Calvin himself remarked, “A good missionary is a good theologian. A good theologian is a good missionary.”  The missionary fervour spread beyond France, too—notably to the likes of John Knox, who famously prayed, “Give me Scotland, or I die.” If anything, it can be said that the Reformation was itself a missionary movement—one aimed not so much at cross-cultural evangelism but evangelization of seas of unconverted churchgoers in the “Christianized” West.’ (Extract from Why the 500th anniversary matters for missions now by Alex Kocman)

The translation of Scripture and the preaching of the Reformers had a combined multiplying effect on the spread of the gospel. Today, missionary experts believe one key to reaching a people group is to put Scripture into the people’s “heart language”—the language in which they think. Throughout history, the blood of the martyrs has been the seed of the church. It happened in Acts (see 8:1-4), and the paradigm continued through the Reformation. While some Reformers paid with their lives, others were driven from their hometowns and lands, spreading Protestant theology on the way in their own “heart languages”.

In the 16th century, David Brainerd emerged as a true missionary to the Native Americans in the northeast; the Moravians discovered that unevangelised peoples could respond simply and directly to the gospel without the missionary first employing the traditional, classic apologetic method prevalent throughout Europe. The famed Jonathan Edwards would serve not only as arguably America’s most brilliant pastoral-theologian, but also as a missionary himself to the Mohican people.

The thread of Reformation missions runs all the way through the Reformers, through the English Baptists, all the way to William Carey—the father of the modern missionary movement. Far East missions were no less led by Reformed Christians. One thinks of the Robert Morrison, who was the first Protestant missionary to go to China. Confident in God’s sovereignty, he prayed for God to place him in a part of the world “where the difficulties are the greatest, and to all human appearance the most insurmountable.” He translated the Scriptures for the first time into the native languages and left a few converts to plant the seeds that would eventually produce a harvest of new believers.

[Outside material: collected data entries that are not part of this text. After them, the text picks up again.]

section \<open>Finitely curried presentable profunctors\<close>

lemma fcp_prof_comp:
  fixes C :: "('c,'f) catpres" and D :: "('d,'g) catpres" and E :: "('e,'h) catpres"
    and PP :: "('c, ('c \<times> 'f list) set, 'd, ('d \<times> 'g list) set, 'v) prof"
    and QQ :: "('d, ('d \<times> 'g list) set, 'e, ('e \<times> 'h list) set, 'w) prof"
  assumes "is_prof (sem_cat C) (sem_cat D) PP" "is_prof (sem_cat D) (sem_cat E) QQ"
    and "fcp TYPE('x) C D PP" "fcp TYPE('y) D E QQ"
  shows "fcp TYPE('x \<times> 'y) C E (prof_comp (sem_cat C) (sem_cat D) (sem_cat E) PP QQ)"
proof -
  obtain P :: "('c,'f,'x,'d,'g) curr" and \<alpha> where P: "curr_pres C D P" "finite_curr C D P"
    "is_prof_iso (sem_cat C) (sem_cat D) PP (sem_curr C D P) \<alpha>"
    using assms(3) unfolding fcp_def prof_isomorphic_def by blast
  obtain Q :: "('d,'g,'y,'e,'h) curr" and \<beta> where Q: "curr_pres D E Q" "finite_curr D E Q"
    "is_prof_iso (sem_cat D) (sem_cat E) QQ (sem_curr D E Q) \<beta>"
    using assms(4) unfolding fcp_def prof_isomorphic_def by blast
  interpret composable_curr C D E P Q using P Q by unfold_locales
  have "is_prof_iso cC cE (prof_comp cC cD cE PP QQ) (prof_comp cC cD cE SP SQ) (prof_comp_nt cC cD cE SP SQ \<alpha> \<beta>)"
    using prof_comp_nt_iso[OF wfC wfD wfE assms(1,2) P(3) Q(3) pmor_prof_comp_class] .
  then have "prof_isomorphic cC cE (prof_comp cC cD cE PP QQ) SPQ"
    unfolding prof_isomorphic_def
    using is_prof_iso_trans[OF _ mu_iso sem_cat_dom_cod_obj[OF wfC] sem_cat_dom_cod_obj[OF wfE]] by blast
  then show ?thesis
    using curr_pres_ccomp finite_curr_ccomp[OF P(2) Q(2)] unfolding fcp_def by blast
qed

theorem mainTheorem10:
  fixes C :: "('c,'f) catpres" and D :: "('d,'g) catpres" and E :: "('e,'h) catpres"
    and P :: "('c,'f,'x,'d,'g) curr" and Q :: "('d,'g,'y,'e,'h) curr"
  assumes "wf_catpres C" and "wf_catpres D" and "wf_catpres E"
  shows
   "(curr_pres C D P \<and> curr_pres D E Q \<longrightarrow>
       is_prof_iso (sem_cat C) (sem_cat E)
          (prof_comp (sem_cat C) (sem_cat D) (sem_cat E) (sem_curr C D P) (sem_curr D E Q))
          (sem_curr C E (ccomp D E P Q)) (mu D E P Q)
     \<and> (\<forall>c\<in>sorts C. \<forall>s t. valid_term D (cinst P c) s \<longrightarrow>
          valid_term E (cinst Q (ttype D (cinst P c) s)) t \<longrightarrow>
          mu D E P Q c (ttype E (cinst Q (ttype D (cinst P c) s)) t)
            (coend_class (sem_cat C) (sem_cat D) (sem_cat E) (sem_curr C D P) (sem_curr D E Q)
               c (ttype E (cinst Q (ttype D (cinst P c) s)) t)
               (ttype D (cinst P c) s, tclass D (cinst P c) s,
                tclass E (cinst Q (ttype D (cinst P c) s)) t))
          = tclass E (cinst (ccomp D E P Q) c) (tens Q s t))
     \<and> (\<forall>(P' :: ('c,'f,'x2,'d,'g) curr) (Q' :: ('d,'g,'y2,'e,'h) curr) \<phi> \<psi>.
          curr_pres C D P' \<longrightarrow> curr_pres D E Q' \<longrightarrow>
          curr_morph C D P P' \<phi> \<longrightarrow> curr_morph D E Q Q' \<psi> \<longrightarrow>
          (\<forall>c\<in>sorts C. \<forall>e\<in>sorts E.
             \<forall>X\<in>pobj (prof_comp (sem_cat C) (sem_cat D) (sem_cat E) (sem_curr C D P) (sem_curr D E Q)) c e.
               sem_curr_morph E (ccomp D E P' Q') (ccomp_morph P Q' \<phi> \<psi>) c e (mu D E P Q c e X)
               = mu D E P' Q' c e
                   (prof_comp_nt (sem_cat C) (sem_cat D) (sem_cat E) (sem_curr C D P') (sem_curr D E Q')
                      (sem_curr_morph D P' \<phi>) (sem_curr_morph E Q' \<psi>) c e X)))
     \<and> (finite_curr C D P \<and> finite_curr D E Q \<longrightarrow> finite_curr C E (ccomp D E P Q)))
    \<and> (\<forall>(PP :: ('c, ('c \<times> 'f list) set, 'd, ('d \<times> 'g list) set, 'v) prof)
         (QQ :: ('d, ('d \<times> 'g list) set, 'e, ('e \<times> 'h list) set, 'w) prof).
         is_prof (sem_cat C) (sem_cat D) PP \<longrightarrow> is_prof (sem_cat D) (sem_cat E) QQ \<longrightarrow>
         fcp TYPE('x) C D PP \<longrightarrow> fcp TYPE('y) D E QQ \<longrightarrow>
         fcp TYPE('x \<times> 'y) C E (prof_comp (sem_cat C) (sem_cat D) (sem_cat E) PP QQ))"
    (is "(?pres \<longrightarrow> ?iso \<and> ?on_classes \<and> ?natural \<and> (?finite \<longrightarrow> ?finite_comp)) \<and> ?fcp")
proof (intro conjI impI)
  assume ?pres
  then interpret composable_curr C D E P Q by unfold_locales auto
  show ?iso by (rule mu_iso)
  show ?on_classes using mu_class by blast
  show ?natural
  proof (intro allI impI ballI)
    fix P' :: "('c,'f,'x2,'d,'g) curr" and Q' :: "('d,'g,'y2,'e,'h) curr" and \<phi> \<psi> c e X
    assume "curr_pres C D P'" "curr_pres D E Q'" "curr_morph C D P P' \<phi>" "curr_morph D E Q Q' \<psi>"
    then interpret composable_curr_morph C D E P Q P' Q' \<phi> \<psi> by unfold_locales
    assume "c \<in> sorts C" "X \<in> pobj (prof_comp cC cD cE SP SQ) c e"
    then show "sem_curr_morph E (ccomp D E P' Q') (ccomp_morph P Q' \<phi> \<psi>) c e (mu D E P Q c e X)
      = mu D E P' Q' c e (prof_comp_nt cC cD cE (sem_curr C D P') (sem_curr D E Q')
          (sem_curr_morph D P' \<phi>) (sem_curr_morph E Q' \<psi>) c e X)"
      by (rule mu_natural)
  qed
  assume ?finite
  then show ?finite_comp using finite_curr_ccomp by blast
next
  show ?fcp using fcp_prof_comp by blast
qed

end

The Reformation started a domino effect culminating in the modern missionary movement, and we are today continuing to reap the benefits. As we celebrated Reformation’s 500th Anniversary, let’s also look forward to the next 500 years should the Lord tarry in His return. We heard the good news that was preached to us and believed it by faith. We recognise our salvation as the work of God.  How then will God use you and True Way to continue in the footsteps of the early church in carrying out the task of the Great Commission given to us by Jesus Himself? Ultimately, as Rev Dr Chris Chia concluded in his lecture on “A Beer with Luther”, he shared a deep concern for us in the 21st century church – “Are our preaching, services and ministries geared towards salvation or satisfaction?”

In 2017, as we consider the historic Reformation that was started 500 years ago, let us be mindful that the Reformation isn’t over and the Great Commission isn’t over —there is still much work to be done!